*Exercise instructions*:
Copy nothing from the entries below except the lines from the one containing "D = vector_space.dim" through the one containing "P-ideals are dual-poset", and copy those exactly.

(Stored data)
definition code_dim :: "(nat \<Rightarrow> 'a::field) set \<Rightarrow> nat" where
  "code_dim D = vector_space.dim fscale D"

definition dual_code :: "nat \<Rightarrow> (nat \<Rightarrow> 'a::field) set \<Rightarrow> (nat \<Rightarrow> 'a) set" where
  "dual_code n C = {u \<in> ambient n. \<forall>c\<in>C. (\<Sum>i=1..n. u i * c i) = 0}"

definition supp :: "(nat \<Rightarrow> 'a::zero) \<Rightarrow> nat set" where
  "supp u = {i. u i \<noteq> 0}"

definition supp_set :: "(nat \<Rightarrow> 'a::zero) set \<Rightarrow> nat set" where
  "supp_set D = (\<Union>u\<in>D. supp u)"

text \<open>Ideal generated by J in the poset given by the order relation R ((i,j) \<in> R means i \<le> j).\<close>
definition ideal_gen :: "nat rel \<Rightarrow> nat set \<Rightarrow> nat set" where
  "ideal_gen R J = {i. \<exists>j\<in>J. (i, j) \<in> R}"

definition poset_weight :: "nat rel \<Rightarrow> (nat \<Rightarrow> 'a::zero) set \<Rightarrow> nat" where
  "poset_weight R D = card (ideal_gen R (supp_set D))"

definition gen_min_weight :: "nat rel \<Rightarrow> (nat \<Rightarrow> 'a::field) set \<Rightarrow> nat \<Rightarrow> nat" where
  "gen_min_weight R C r =
     Min {poset_weight R D | D. module.subspace fscale D \<and> D \<subseteq> C \<and> code_dim D = r}"

end

theory Submission
  imports Defs "HOL-Library.FuncSet" "HOL-Library.Cardinality"
begin

text \<open>The r-th generalized weight of a code V is the least size of an order ideal I with
  dim (V \<inter> F^I) \<ge> r; removing a maximal element of I lowers that dimension by at most one, so
  the weights strictly increase with r.  Counting over the finite field gives the duality
  dim (C^\<bottom> \<inter> F^J) + k = |J| + dim (C \<inter> F^([n] - J)), and since complements of
  P-ideals are dual-poset ideals, applying it to ideals attaining d_r(C) and d_s(C^\<bottom>)
  shows d_r(C) + d_s(C^\<bottom>) \<noteq> n + 1.  The k values of A and the n - k values of B are
  therefore distinct elements of [n].\<close>

interpretation fs: vector_space "fscale :: 'a::field \<Rightarrow> (nat \<Rightarrow> 'a) \<Rightarrow> _"
  by unfold_locales (auto simp: fscale_def algebra_simps fun_eq_iff)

*Answer section*:
  "code_dim D = vector_space.dim fscale D"

definition dual_code :: "nat \<Rightarrow> (nat \<Rightarrow> 'a::field) set \<Rightarrow> (nat \<Rightarrow> 'a) set" where
  "dual_code n C = {u \<in> ambient n. \<forall>c\<in>C. (\<Sum>i=1..n. u i * c i) = 0}"

definition supp :: "(nat \<Rightarrow> 'a::zero) \<Rightarrow> nat set" where
  "supp u = {i. u i \<noteq> 0}"

definition supp_set :: "(nat \<Rightarrow> 'a::zero) set \<Rightarrow> nat set" where
  "supp_set D = (\<Union>u\<in>D. supp u)"

text \<open>Ideal generated by J in the poset given by the order relation R ((i,j) \<in> R means i \<le> j).\<close>
definition ideal_gen :: "nat rel \<Rightarrow> nat set \<Rightarrow> nat set" where
  "ideal_gen R J = {i. \<exists>j\<in>J. (i, j) \<in> R}"

definition poset_weight :: "nat rel \<Rightarrow> (nat \<Rightarrow> 'a::zero) set \<Rightarrow> nat" where
  "poset_weight R D = card (ideal_gen R (supp_set D))"

definition gen_min_weight :: "nat rel \<Rightarrow> (nat \<Rightarrow> 'a::field) set \<Rightarrow> nat \<Rightarrow> nat" where
  "gen_min_weight R C r =
     Min {poset_weight R D | D. module.subspace fscale D \<and> D \<subseteq> C \<and> code_dim D = r}"

end

theory Submission
  imports Defs "HOL-Library.FuncSet" "HOL-Library.Cardinality"
begin

text \<open>The r-th generalized weight of a code V is the least size of an order ideal I with
  dim (V \<inter> F^I) \<ge> r; removing a maximal element of I lowers that dimension by at most one, so
  the weights strictly increase with r.  Counting over the finite field gives the duality
  dim (C^\<bottom> \<inter> F^J) + k = |J| + dim (C \<inter> F^([n] - J)), and since complements of
  P-ideals are dual-poset ideals, applying it to ideals attaining d_r(C) and d_s(C^\<bottom>)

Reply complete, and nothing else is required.